‘Never you mind, Mr Cockleboat; it is quite sufficient that I knew it. This is a proper sort of house to play hide-and-seek in, isn’t it?’
I was dispersing the table and chairs again with angry jerks as I spoke, fearful lest my attempted investigation of the occult mysteries should be discovered before I had removed its traces.
‘Still I can’t understand how you discovered that Mr Montmorency was myself, although naturally my night rehearsals must have disturbed you. But you told me you had no other lodgers,’ continued Julian Cockleboat reproachfully, to the Bizzeys.
‘And you said the same thing to me,’ I added, in similar tones.
‘Well, sir—well, Mr Montmorency, I’m very sorry it should have happened so,’ replied the landlord, turning from one to the other, ‘but it’s all my old woman’s fault, for I said to her—’
‘You did nothing of the sort,’ interrupted his better half; ‘for when I come to you and told you as a second gentleman wanted rooms here, it was you as said, “Let him have the little room upstairs, and no one will be ever the wiser if he takes his meals out of a day.”’

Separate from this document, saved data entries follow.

definition periodic_upper_solution :: "real \<Rightarrow> (real \<Rightarrow> real \<Rightarrow> real) \<Rightarrow> (real \<Rightarrow> real) \<Rightarrow> bool" where
  "periodic_upper_solution T F \<beta> \<longleftrightarrow> periodic_real T \<beta> \<and>
     (\<exists>\<beta>' \<beta>''. (\<forall>t. (\<beta> has_real_derivative \<beta>' t) (at t)) \<and> (\<forall>t. (\<beta>' has_real_derivative \<beta>'' t) (at t))
        \<and> continuous_on UNIV \<beta>'' \<and> (\<forall>t. \<beta>'' t \<le> F t (\<beta> t)))"

lemma periodic_lower_solutionI:
  assumes "periodic_real T \<alpha>" "\<And>t. (\<alpha> has_real_derivative \<alpha>' t) (at t)"
    "\<And>t. (\<alpha>' has_real_derivative \<alpha>'' t) (at t)" "continuous_on UNIV \<alpha>''" "\<And>t. F t (\<alpha> t) \<le> \<alpha>'' t"
  shows "periodic_lower_solution T F \<alpha>"
  using assms unfolding periodic_lower_solution_def by blast

lemma periodic_upper_solutionI:
  assumes "periodic_real T \<beta>" "\<And>t. (\<beta> has_real_derivative \<beta>' t) (at t)"
    "\<And>t. (\<beta>' has_real_derivative \<beta>'' t) (at t)" "continuous_on UNIV \<beta>''" "\<And>t. \<beta>'' t \<le> F t (\<beta> t)"
  shows "periodic_upper_solution T F \<beta>"
  using assms unfolding periodic_upper_solution_def by blast

locale periodic_lower_upper =
  fixes T M :: real and F :: "real \<Rightarrow> real \<Rightarrow> real" and \<alpha> \<beta> :: "real \<Rightarrow> real"
  assumes T_pos: "T > 0"
    and M_pos: "M > 0"
    and F_continuous: "continuous_on UNIV (\<lambda>(t, y). F t y)"
    and F_periodic: "\<And>t y. F (t + T) y = F t y"
    and F_one_sided_lipschitz: "\<And>t y z. z \<le> y \<Longrightarrow> F t y - F t z \<le> M * (y - z)"
    and lower: "periodic_lower_solution T F \<alpha>"
    and upper: "periodic_upper_solution T F \<beta>"
    and lower_le_upper: "\<And>t. \<alpha> t \<le> \<beta> t"
begin
(* Let $N\ge1$ and for $1\le i\le N$ and integers $x\ge1$ let $\Theta_i(x)=\binom{x+i-2}{x-1}$. Then for all $1\le i,j\le N$, \[\sum_{x=1}^\infty\sum_{y=1}^\infty\Theta_i(x)\,Q_{1,1}(x,y)\,\Theta_j(y)=Q_{i+1,j+1}(1,1).\]
   Context: Fix $\alpha\ge0$, $t\ge0$. For integers $k,\ell,x,y$, \[Q_{k,\ell}(x,y)=\alpha^2\oint_\beta\frac{{\rm d} v}{2\pi\mathrm{i}}\oint_\beta\frac{{\rm d} w}{2\pi\mathrm{i}}\frac{v-w}{1-v-w}\frac{w^{k-x}\mathrm{e}^{t(w-1)}}{(w-\alpha)(w-1)^k}\frac{v^{\ell-y}\mathrm{e}^{t(v-1)}}{(v-\alpha)(v-1)^\ell},\] where $\beta$ is a positively oriented closed contour surrounding $0,1,\alpha,1-\alpha$ and omitting other singularities (the apparent singularity at $v+w=1$ contributes nothing). *)

theory Defs
  imports "HOL-Complex_Analysis.Complex_Analysis"
begin

definition Q_integrand :: "real \<Rightarrow> real \<Rightarrow> int \<Rightarrow> int \<Rightarrow> int \<Rightarrow> int \<Rightarrow> complex \<Rightarrow> complex \<Rightarrow> complex" where
  "Q_integrand \<alpha> t k l x y v w =
     (v - w) / (1 - v - w)
     * (w powi (k - x) * exp (of_real t * (w - 1)) / ((w - of_real \<alpha>) * (w - 1) powi k))
     * (v powi (l - y) * exp (of_real t * (v - 1)) / ((v - of_real \<alpha>) * (v - 1) powi l))"

text \<open>Realization of the contour beta: circles centred at 1/2 (which surround 0, 1, alpha, 1-alpha,
  the only singularities other than v+w=1).  The v-circle has radius alpha+2, the w-circle radius
  alpha+3; the radii differ so that v+w=1 never occurs on the contours (if |v-1/2| = |w-1/2| were
  allowed, w = 1-v would lie on the contour).  By the stated fact that the apparent singularity
  at v+w=1 contributes nothing, this choice is immaterial.\<close>
definition Q :: "real \<Rightarrow> real \<Rightarrow> int \<Rightarrow> int \<Rightarrow> int \<Rightarrow> int \<Rightarrow> complex" where
  "Q \<alpha> t k l x y =
     complex_of_real (\<alpha>^2) *
     contour_integral (circlepath (1/2) (\<alpha> + 2))
       (\<lambda>v. contour_integral (circlepath (1/2) (\<alpha> + 3))
               (\<lambda>w. Q_integrand \<alpha> t k l x y v w) / (2 * pi * \<i>)) / (2 * pi * \<i>)"

definition Theta :: "nat \<Rightarrow> nat \<Rightarrow> nat" where
  "Theta i x = (x + i - 2) choose (x - 1)"

end

theory Submission
  imports Defs
begin

(*
  The weights are negative binomial coefficients: with u = 1/w,
  \<Sum>_{m \<ge> 0} Theta_i(m+1) u^m = (1 - u)^-i = (w / (w - 1))^i.
  In Q_{1,1}(x, y) the index x enters only through the factor w^-(x-1) of the integrand,
  so summing Theta_i(x) against it multiplies the w-part by (w / (w - 1))^i, turning it
  into the w-part of Q_{i+1,.}(1, .); likewise in v.  On the contours |w| \<ge> 5/2 and
  |v| \<ge> 3/2, so both series converge uniformly and may be summed under the two
  contour integrals.
*)

lemma contour_integral_mult_left:
  "contour_integral g (\<lambda>x. f x * c) = contour_integral g f * c"
proof (cases "f contour_integrable_on g \<or> c = 0")
  case True
  then show ?thesis by (auto simp: contour_integral_rmul)
next
  case False
  then show ?thesis by (simp add: not_integrable_contour_integral contour_integrable_rmul_iff)
qed

lemma contour_integral_mult_right:
  "contour_integral g (\<lambda>x. c * f x) = c * contour_integral g f"
  using contour_integral_mult_left[of g f c] by (simp add: mult.commute)

lemma contour_integral_divide:
  "contour_integral g (\<lambda>x. f x / c) = contour_integral g f / c"
  using contour_integral_mult_left[of g f "inverse c"] by (simp add: divide_inverse)
(* Let $\chi:\mathbb{R}\to\mathbb{R}$ be a kernel satisfying $(\chi_1)$ and $(\chi_2)$, and let $f\in AC(\mathbb{R})$. Then for every $w>0$, every $m\in\mathbb{N}$ with $m\ge1$, and every $t\in\mathbb{R}$, $$(\bar S^m_w f)'(t)=\frac1m\sum_{i=1}^m (K_w f')\left(t-\frac{m-2(i-1)}{2w}\right).$$
   Context: For $f:\mathbb{R}\to\mathbb{R}$, $V[f]$ denotes the Jordan variation of $f$ over $\mathbb{R}$ (supremum over compact intervals $[a,b]$ of the supremum over partitions $a=x_0<\dots<x_n=b$ of $\sum_i|f(x_i)-f(x_{i-1})|$); $BV(\mathbb{R})=\{f: V[f]<\infty\}$; $AC(\mathbb{R}):=BV(\mathbb{R})\cap AC_{loc}(\mathbb{R})$, where $AC_{loc}(\mathbb{R})$ is the set of functions absolutely continuous on every compact interval. A kernel $\chi:\mathbb{R}\to\mathbb{R}$ satisfies: $(\chi_1)$ $\chi\in L^1(\mathbb{R})$ is continuous and $\sum_{k\in\mathbb{Z}}\chi(u-k)=1$ for all $u\in\mathbb{R}$; $(\chi_2)$ $\sup_{u\in\mathbb{R}}\sum_{k\in\mathbb{Z}}|\chi(u-k)|<+\infty$, the series converging uniformly on compact sets. The averaged kernel is $\bar\chi_m(t):=\frac1m\int_{-m/2}^{m/2}\chi(t+v)\,dv$, and $(\bar S^m_w f)(t):=\sum_{k\in\mathbb{Z}} f(k/w)\,\bar\chi_m(wt-k)$, $t\in\mathbb{R}$, $w>0$. The sampling Kantorovich operators based on $\chi$ are $(K_w g)(t):=\sum_{k\in\mathbb{Z}} w\left(\int_{k/w}^{(k+1)/w} g(u)\,du\right)\chi(wt-k)$, $t\in\mathbb{R}$, $w>0$, for locally integrable $g$. *)

theory Defs
  imports "HOL-Analysis.Analysis"
begin

definition interval_variation :: "(real \<Rightarrow> real) \<Rightarrow> real \<Rightarrow> real \<Rightarrow> ereal" where
  "interval_variation f a b =
     (SUP p \<in> {(n, x). n \<ge> 1 \<and> x 0 = a \<and> x n = b \<and> (\<forall>i<n. x i < x (Suc i))}.
        ereal (\<Sum>i<fst p. \<bar>f (snd p (Suc i)) - f (snd p i)\<bar>))"

definition jordan_variation :: "(real \<Rightarrow> real) \<Rightarrow> ereal" where
  "jordan_variation f = (SUP ab \<in> {(a, b). a < b}. interval_variation f (fst ab) (snd ab))"

definition BV :: "(real \<Rightarrow> real) set" where
  "BV = {f. jordan_variation f < \<infinity>}"
lemma partial_condensation_map_Union:
  assumes chain: "Complete_Partial_Order.chain (\<subseteq>\<^sub>m) C" and "C \<noteq> {}"
    and pc: "\<And>g. g \<in> C \<Longrightarrow> partial_condensation I ar X RX Y RY g"
  shows "partial_condensation I ar X RX Y RY (map_Union C)"
  unfolding partial_condensation_def
proof (intro conjI ballI allI impI)
  have eq: "map (the \<circ> map_Union C) xs = map (the \<circ> g) xs" if "g \<in> C" "set xs \<subseteq> dom g" for g xs
    using map_Union_eq[OF chain that(1)] that(2) by (simp add: subset_iff)
  show "dom (map_Union C) \<subseteq> X"
    unfolding dom_map_Union using pc unfolding partial_condensation_def by blast
  show "ran (map_Union C) \<subseteq> Y"
    unfolding ran_map_Union[OF chain] using pc unfolding partial_condensation_def by blast
  show "inj_on (the \<circ> map_Union C) (dom (map_Union C))"
  proof (rule inj_onI)
    fix a b
    assume ab: "a \<in> dom (map_Union C)" "b \<in> dom (map_Union C)"
      and eq_ab: "(the \<circ> map_Union C) a = (the \<circ> map_Union C) b"
    obtain g where g: "g \<in> C" "{a, b} \<subseteq> dom g"
      using finite_subset_dom_map_Union[OF chain \<open>C \<noteq> {}\<close>, of "{a, b}"] ab by auto
    then have "(the \<circ> g) a = (the \<circ> g) b"
      using eq_ab map_Union_eq[OF chain g(1)] by simp
    then show "a = b"
      using pc[OF g(1)] g(2) unfolding partial_condensation_def by (meson inj_onD insert_subset)
  qed
  fix i xs
  assume "i \<in> I" and xs: "length xs = ar i \<and> set xs \<subseteq> dom (map_Union C) \<and> xs \<in> RX i"
  then obtain g where g: "g \<in> C" "set xs \<subseteq> dom g"
    using finite_subset_dom_map_Union[OF chain \<open>C \<noteq> {}\<close>] by blast
  then have "map (the \<circ> g) xs \<in> RY i"
    using pc \<open>i \<in> I\<close> xs unfolding partial_condensation_def by blast
  then show "map (the \<circ> map_Union C) xs \<in> RY i"
    unfolding eq[OF g] .
qed
(* Let $d\ge1$. Every partition $\pi\in\mathrm{NC}_d(\mathbf S)$ has exactly $\mathrm{rk}(\pi)+1$ complementary regions. Consequently, the maximal elements of $\mathrm{NC}_d(\mathbf S)$ are exactly those with $d$ complementary regions.
   Context: $\mathbf S\subset\mathbb C$ is the unit circle, regarded as the boundary of the closed unit disk. A partition of $\mathbf S$ is noncrossing if the convex hulls of its blocks are pairwise disjoint, and is a degree-$d$ partition if $z^d=w^d$ whenever $z,w$ lie in the same block. $\mathrm{NC}_d(\mathbf S)$ is the poset of noncrossing degree-$d$ partitions of $\mathbf S$ ordered by refinement (finer below coarser). If $\pi$ has non-singleton blocks $A_1,\dots,A_k$, its total criticality (rank) is $\mathrm{rk}(\pi)=|A_1|+\cdots+|A_k|-k$. The complementary regions of $\pi$ are the connected components of the closed disk minus the union of the convex hulls of the blocks of $\pi$. *)

theory Defs
  imports "HOL-Analysis.Analysis" "HOL-Library.Disjoint_Sets"
begin

definition unit_circle :: "complex set" where
  "unit_circle = sphere 0 1"

definition noncrossing :: "complex set set \<Rightarrow> bool" where
  "noncrossing P \<longleftrightarrow>
     (\<forall>A\<in>P. \<forall>B\<in>P. A \<noteq> B \<longrightarrow> convex hull A \<inter> convex hull B = {})"

definition degree_partition :: "nat \<Rightarrow> complex set set \<Rightarrow> bool" where
  "degree_partition d P \<longleftrightarrow> (\<forall>A\<in>P. \<forall>z\<in>A. \<forall>w\<in>A. z ^ d = w ^ d)"

definition NC :: "nat \<Rightarrow> complex set set set" where
  "NC d = {P. partition_on unit_circle P \<and> noncrossing P \<and> degree_partition d P}"

definition refines :: "complex set set \<Rightarrow> complex set set \<Rightarrow> bool" where
  "refines P Q \<longleftrightarrow> (\<forall>A\<in>P. \<exists>B\<in>Q. A \<subseteq> B)"

definition maximal_NC :: "nat \<Rightarrow> complex set set \<Rightarrow> bool" where
  "maximal_NC d P \<longleftrightarrow> P \<in> NC d \<and> (\<forall>Q\<in>NC d. refines P Q \<longrightarrow> Q = P)"

definition nonsingleton_blocks :: "complex set set \<Rightarrow> complex set set" where
  "nonsingleton_blocks P = {A\<in>P. \<not> is_singleton A}"

definition rk :: "complex set set \<Rightarrow> nat" where
  "rk P = (\<Sum>A\<in>nonsingleton_blocks P. card A - 1)"

definition regions :: "complex set set \<Rightarrow> complex set set" where
  "regions P = components (cball 0 1 - (\<Union>A\<in>P. convex hull A))"

end

theory Submission
  imports Defs
begin

text \<open>A block \<open>A\<close> with at least two points splits the closed disk into its convex hull and one open
  cap beyond each edge of the inscribed polygon. For finitely many blocks with disjoint hulls, the
  complementary regions are therefore the nonempty \<^emph>\<open>cells\<close>: intersections of the open disk with
  one cap of every block. Adding a block \<open>A\<close> splits the one cell containing its hull into \<open>|A|\<close>
  cells and leaves every other cell inside a single cap of \<open>A\<close>; by induction there are \<open>rk + 1\<close> cells.
  For degree-\<open>d\<close> blocks, each cell has a point of every generic fiber \<open>{z. z^d = w^d}\<close> on all
  its boundary arcs (a counting argument on the laminar family of these arcs), so there are at most
  \<open>d\<close> cells; this also bounds the number of nonsingleton blocks. With fewer than \<open>d\<close> cells, two
  fiber points share a cell and can be joined into a new block, while a strict coarsening increases
  \<open>rk\<close> and hence the number of regions.\<close>

section \<open>Counterclockwise angles on the unit circle\<close>

definition ccw_angle :: "complex \<Rightarrow> complex \<Rightarrow> real" where
  "ccw_angle a q = Arg2pi (q / a)"

lemma ccw_angle_nonneg: "0 \<le> ccw_angle a q" and ccw_angle_less_2pi: "ccw_angle a q < 2*pi"
  using Arg2pi[of "q/a"] by (auto simp: ccw_angle_def)

lemma ccw_angle_cis:
  assumes "norm a = 1" "norm q = 1"
  shows "q = a * cis (ccw_angle a q)"
proof -
  have "q / a = complex_of_real (cmod (q/a)) * exp (\<i> * complex_of_real (ccw_angle a q))"
    using Arg2pi[of "q/a"] unfolding ccw_angle_def is_Arg_def by blast
  also have "cmod (q/a) = 1" using assms by (simp add: norm_divide)
  finally have "q / a = cis (ccw_angle a q)" by (simp add: cis_conv_exp)
  moreover have "a \<noteq> 0" using assms by auto
  ultimately show ?thesis by (simp add: field_simps)
qed

lemma ccw_angle_eqI:
  assumes "norm a = 1" "q = a * cis t" "0 \<le> t" "t < 2*pi"
  shows "ccw_angle a q = t"
proof -
  have "q / a = complex_of_real 1 * exp (\<i> * complex_of_real t)"
    using assms by (auto simp: cis_conv_exp)
  then show ?thesis unfolding ccw_angle_def using assms by (intro Arg2pi_unique) auto
qed

lemma ccw_angle_self: "norm a = 1 \<Longrightarrow> ccw_angle a a = 0"
  by (rule ccw_angle_eqI) auto

lemma ccw_angle_eq_0_iff:
  assumes "norm a = 1" "norm q = 1"
  shows "ccw_angle a q = 0 \<longleftrightarrow> q = a"
  using ccw_angle_cis[OF assms] ccw_angle_self[OF assms(1)] by auto

lemma ccw_angle_pos: "norm a = 1 \<Longrightarrow> norm q = 1 \<Longrightarrow> q \<noteq> a \<Longrightarrow> 0 < ccw_angle a q"
  using ccw_angle_nonneg[of a q] ccw_angle_eq_0_iff[of a q] by auto

lemma ccw_angle_add:
  assumes "norm a = 1" "norm b = 1" "norm q = 1"
  shows "ccw_angle a q = ccw_angle a b + ccw_angle b q
    \<or> ccw_angle a q = ccw_angle a b + ccw_angle b q - 2*pi"
proof -
  have q: "q = a * cis (ccw_angle a b + ccw_angle b q)"
    using ccw_angle_cis[OF assms(1,2)] ccw_angle_cis[OF assms(2,3)] by (metis cis_mult mult.assoc)
  have "cis (x - 2*pi) = cis x" for x
    by (simp add: complex_eq_iff cos_diff sin_diff)
  with q show ?thesis
    using ccw_angle_nonneg[of a b] ccw_angle_nonneg[of b q] ccw_angle_less_2pi[of a b]
      ccw_angle_less_2pi[of b q]
    by (cases "ccw_angle a b + ccw_angle b q < 2*pi") (auto intro!: ccw_angle_eqI assms)
qed

lemma ccw_angle_swap:
  assumes "norm a = 1" "norm q = 1" "a \<noteq> q"
  shows "ccw_angle a q + ccw_angle q a = 2*pi"
  using ccw_angle_add[OF assms(1,2,1)] ccw_angle_self[OF assms(1)] ccw_angle_pos[OF assms(1,2)]
    ccw_angle_nonneg[of q a] assms(3) by auto

section \<open>Fibers of the power map\<close>

definition power_fiber :: "nat \<Rightarrow> complex \<Rightarrow> complex set" where
  "power_fiber d w = {z. z ^ d = w ^ d}"

lemma norm_power_fiber:
  assumes "z \<in> power_fiber d w" "norm w = 1" "d \<ge> 1"
  shows "norm z = 1"
proof -
  from assms(1) have "norm (z ^ d) = norm (w ^ d)" by (simp add: power_fiber_def)
  then have "norm z ^ d = 1" using assms(2) by (simp add: norm_power)
  then show ?thesis using power_eq_1_iff[of "norm z" d] assms(3) by auto
qed

lemma card_power_fiber: "norm w = 1 \<Longrightarrow> d \<ge> 1 \<Longrightarrow> card (power_fiber d w) = d"
  unfolding power_fiber_def by (rule card_nth_roots) auto

lemma finite_power_fiber: "d \<ge> 1 \<Longrightarrow> finite (power_fiber d w)"
  unfolding power_fiber_def by (rule finite_nth_roots) simp

lemma mult_cis_in_power_fiber_iff:
  assumes a: "a \<noteq> 0" and w: "w ^ d = (a * cis t) ^ d" and d: "d \<ge> 1"
  shows "a * cis x \<in> power_fiber d w \<longleftrightarrow> (\<exists>n::int. x = t + n * (2*pi / real d))"
proof -
  have "a * cis x \<in> power_fiber d w \<longleftrightarrow> a ^ d * cis (real d * x) = a ^ d * cis (real d * t)"
    using w by (simp add: power_fiber_def power_mult_distrib Complex.DeMoivre)
  also have "\<dots> \<longleftrightarrow> cis (real d * x) = cis (real d * t)"
    using a by auto
  also have "\<dots> \<longleftrightarrow> (\<exists>n::int. real d * x = real d * t + 2 * pi * n)"
    using sin_cos_eq_iff[of "real d * x" "real d * t"] by (auto simp: complex_eq_iff)
  also have "\<dots> \<longleftrightarrow> (\<exists>n::int. x = t + n * (2*pi / real d))"
    using d by (simp add: field_simps)
  finally show ?thesis .
qed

‘But we never thought—begging your pardon, Mr Montmorency—as you’d take such a liberty with the upper offices as to make noises in them as should disturb the whole house.’
‘Well, what was I to do?’ replied the young man, appealing to me. ‘They’ve given me three leading parts to get up at a fortnight’s notice, and if I don’t study them at night I have no chance of being ready in time.’
‘In fact,’ I said, oracularly, ‘you’ve been cheating each other all round. Mr Bizzey has cheated his employers by letting apartments to which he has no right; you have cheated the Bizzeys by using one which you never hired of them; and I have—’ ‘cheated myself,’ I might have added, but I stopped short and looked wise instead.